The non-cash gain (loss) for the 2020 period relates to the change in fair value
of our liability-classified warrants. Due to the nature of and inputs in the
model used to assess the fair value of our outstanding warrants, it is not
abnormal to experience significant fluctuations during each remeasurement
period. These fluctuations may be due to a variety of factors, including changes
in our stock price and changes in estimated stock price volatility over the
remaining life of the warrants. Changes in the fair value of the warrant
liability and resulting warrant revaluation gain (loss) for 2020 was driven
primarily by the changes in our stock price during the period.

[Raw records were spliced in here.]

lemma measurable_std_normal_component [measurable]:
  "(\<lambda>w. w i) \<in> borel_measurable (PiM I (\<lambda>_. std_normal_distribution))"
  by (rule measurable_PiM_component_borel) simp

lemma measurable_rademacher_component [measurable]:
  "(\<lambda>a. a i) \<in> borel_measurable (PiM I (\<lambda>_. rademacher))"
  by (rule measurable_PiM_component_borel) simp

lemma measure_PiM_exists_component_le:
  assumes N: "prob_space N" and "finite I" and S: "S \<in> sets N"
  shows "measure (PiM I (\<lambda>_. N)) {w \<in> space (PiM I (\<lambda>_. N)). \<exists>i\<in>I. w i \<in> S}
           \<le> real (card I) * measure N S"
proof -
  let ?M = "PiM I (\<lambda>_. N)"
  interpret prob_space ?M
    by (intro prob_space_PiM N)
  have component_event: "(\<lambda>w. w i) -` S \<inter> space ?M \<in> sets ?M" if "i \<in> I" for i
    by (rule measurable_sets[OF measurable_component_singleton[OF that] S])
  have component_prob: "measure ?M ((\<lambda>w. w i) -` S \<inter> space ?M) = measure N S" if "i \<in> I" for i
    using measure_distr[OF measurable_component_singleton[OF that] S] distr_PiM_component[OF N that]
    by simp
  have "{w \<in> space ?M. \<exists>i\<in>I. w i \<in> S} = (\<Union>i\<in>I. (\<lambda>w. w i) -` S \<inter> space ?M)"
    by auto
  also have "measure ?M \<dots> \<le> (\<Sum>i\<in>I. measure ?M ((\<lambda>w. w i) -` S \<inter> space ?M))"
    using component_event by (intro finite_measure_subadditive_finite \<open>finite I\<close>) auto
  also have "\<dots> = real (card I) * measure N S"
    by (simp add: component_prob)
  finally show ?thesis .
qed

definition normal_max_bound :: "nat \<Rightarrow> real \<Rightarrow> real" where
  "normal_max_bound n \<delta> = sqrt (2 * exp 1 * nat \<lceil>ln (real n / \<delta>)\<rceil>)"

lemma normal_max_bound_pos:
  assumes "0 < \<delta>" "\<delta> < real n"
  shows "0 < normal_max_bound n \<delta>"
  using assms by (simp add: normal_max_bound_def)
definition is_lub :: "'b::order set \<Rightarrow> 'b \<Rightarrow> bool" where
  "is_lub A s \<longleftrightarrow> (\<forall>a\<in>A. a \<le> s) \<and> (\<forall>t. (\<forall>a\<in>A. a \<le> t) \<longrightarrow> s \<le> t)"

definition alpha :: "'a set \<Rightarrow> ('a \<Rightarrow> 'a \<Rightarrow> 'b::boolean_algebra) \<Rightarrow> nat \<Rightarrow> 'b" where
  "alpha Y d k = (if k = 0 then top else
     (THE s. is_lub {Inf_fin {d (u i) (u j) | i j. i < j \<and> j \<le> k} | u. \<forall>i\<le>k. u i \<in> Y} s))"

end

theory Submission
  imports Defs
begin

text \<open>
  Both sides of the identity are elements of the Boolean algebra B, so by
  the Stone representation it suffices to compare them under every ultrafilter P of B,
  viewed as a Boolean homomorphism P : B \<rightarrow> bool.  Under P the Boolean metric
  collapses: "P-near" (\<not> P (d x y)) is an equivalence relation on X, and for a space Y
  finitely generated by S the element alpha_k(Y) exists (it is the finite join of the
  meets of all (k+1)-tuples from S) and P (alpha_k Y) holds iff Y meets more than k
  P-near classes.  Next, every point x of X has a projection proj x in the orthogonal
  complement W of U: the convex mixture that agrees with x where x is far from U and with
  the base point elsewhere.  Hence, under P, the classes of X are exactly the classes of
  U together with those of W, and the two families share only the class of the base
  point.  Counting classes of such a union gives the formula for P (alpha_n X).
\<close>

text \<open>An ultrafilter of a Boolean algebra, given by its indicator: a Boolean homomorphism
  into bool.\<close>
definition uhom :: "('b::boolean_algebra \<Rightarrow> bool) \<Rightarrow> bool" where
  "uhom P \<longleftrightarrow> P top \<and> \<not> P bot \<and> (\<forall>x y. P (inf x y) = (P x \<and> P y))
     \<and> (\<forall>x. P (- x) = (\<not> P x))"

lemma uhom_top: "uhom P \<Longrightarrow> P top"
  and uhom_bot: "uhom P \<Longrightarrow> \<not> P bot"
  and uhom_inf: "uhom P \<Longrightarrow> P (inf x y) = (P x \<and> P y)"
  and uhom_neg: "uhom P \<Longrightarrow> P (- x) = (\<not> P x)"
  by (simp_all add: uhom_def)

lemma uhom_sup: "uhom P \<Longrightarrow> P (sup x y) = (P x \<or> P y)"
proof -
  assume P: "uhom P"
  have "P (sup x y) = P (- inf (- x) (- y))" by simp
  also have "\<dots> = (\<not> (\<not> P x \<and> \<not> P y))" by (simp only: uhom_neg[OF P] uhom_inf[OF P])
  also have "\<dots> = (P x \<or> P y)" by blast
  finally show ?thesis .
qed

lemma uhom_mono: "uhom P \<Longrightarrow> x \<le> y \<Longrightarrow> P x \<Longrightarrow> P y"
  by (metis inf.absorb_iff1 uhom_inf)

lemma uhom_Sup_fin: "finite A \<Longrightarrow> A \<noteq> {} \<Longrightarrow> uhom P \<Longrightarrow> P (Sup_fin A) = (\<exists>a\<in>A. P a)"
  by (induction A rule: finite_ne_induct) (simp_all add: uhom_sup)

lemma uhom_Inf_fin: "finite A \<Longrightarrow> A \<noteq> {} \<Longrightarrow> uhom P \<Longrightarrow> P (Inf_fin A) = (\<forall>a\<in>A. P a)"
  by (induction A rule: finite_ne_induct) (simp_all add: uhom_inf)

Future Tranche Right Revaluation Gain or Loss


During the three months ended June 30, 2021, we recorded no non-cash future
tranche right revaluation gain or loss. During the six months ended June 30,
2021, we recorded a non-cash future tranche right revaluation gain of
approximately $118.8 million. During the three months ended June 30, 2020, we
recorded a non-cash future tranche right loss of $15.3 million. During the six
months ended June 30, 2020, we recorded a non-cash future tranche right
revaluation gain $5.4 million.

The non-cash gain for the six months ended June 30, 2021 relates to the
derecognition of the future tranche right liability during the first quarter of
2021 associated with the future tranche rights issued in connection with the
December 2019 Private Placement, as more fully described in Note 7 of the Notes
to Condensed Financial Statements appearing elsewhere in this Form 10-Q, due to
the termination of the future tranche rights during the quarter.

The non-cash gain or loss for the 2020 period relates to the change in fair
value of the future tranche rights. Due to the nature of and inputs in the model
used to assess the fair value of our outstanding warrants, it is not abnormal to
experience significant fluctuations during each remeasurement period. These
fluctuations may be due to a variety of factors, including changes in our stock
price and changes in estimated stock price volatility over the remaining
estimated lives of the future tranche rights. Changes in the fair value of the
future tranche right liability and resulting future tranche right revaluation
gain for 2020 was driven primarily by changes in our stock price during the
period.



Net Income or Loss Applicable to Common Stockholders





As a result of the factors discussed above, our net loss for the three months
ended June 30, 2021 was $7.6 million and our net income for the six months ended
June 30, 2021 was $108.2 million compared to net loss of $24.2 million and $15.4
million for the three and six months ended June 30, 2020, respectively. Net loss
applicable to common stockholders for the three months ended June 30, 2021 was
$7.6 million and net income for the six months ended June 30, 2021 was $105.5
million. Net loss applicable to common stockholders for the three and six months
ended June 30, 2020 was $24.2 million and $15.4 million, respectively.

Excluding the non-cash warrant revaluation gain of $7.0 million and future
tranche right revaluation gain of $118.8 million, for the six months ended June
30, 2021, net loss applicable to common stockholders was $20.3 million.
Excluding the non-cash warrant revaluation loss of $0.9 million and future
tranche right revaluation loss of $15.3 million for the three months ended June
30, 2020, net loss applicable to common stockholders was $8.0 million. Excluding
the non-cash warrant revaluation gain of $0.2 million and future tranche right
revaluation gain of $5.4 million for the six months ended June 30, 2020, net
loss applicable to common stockholders was $21.0 million.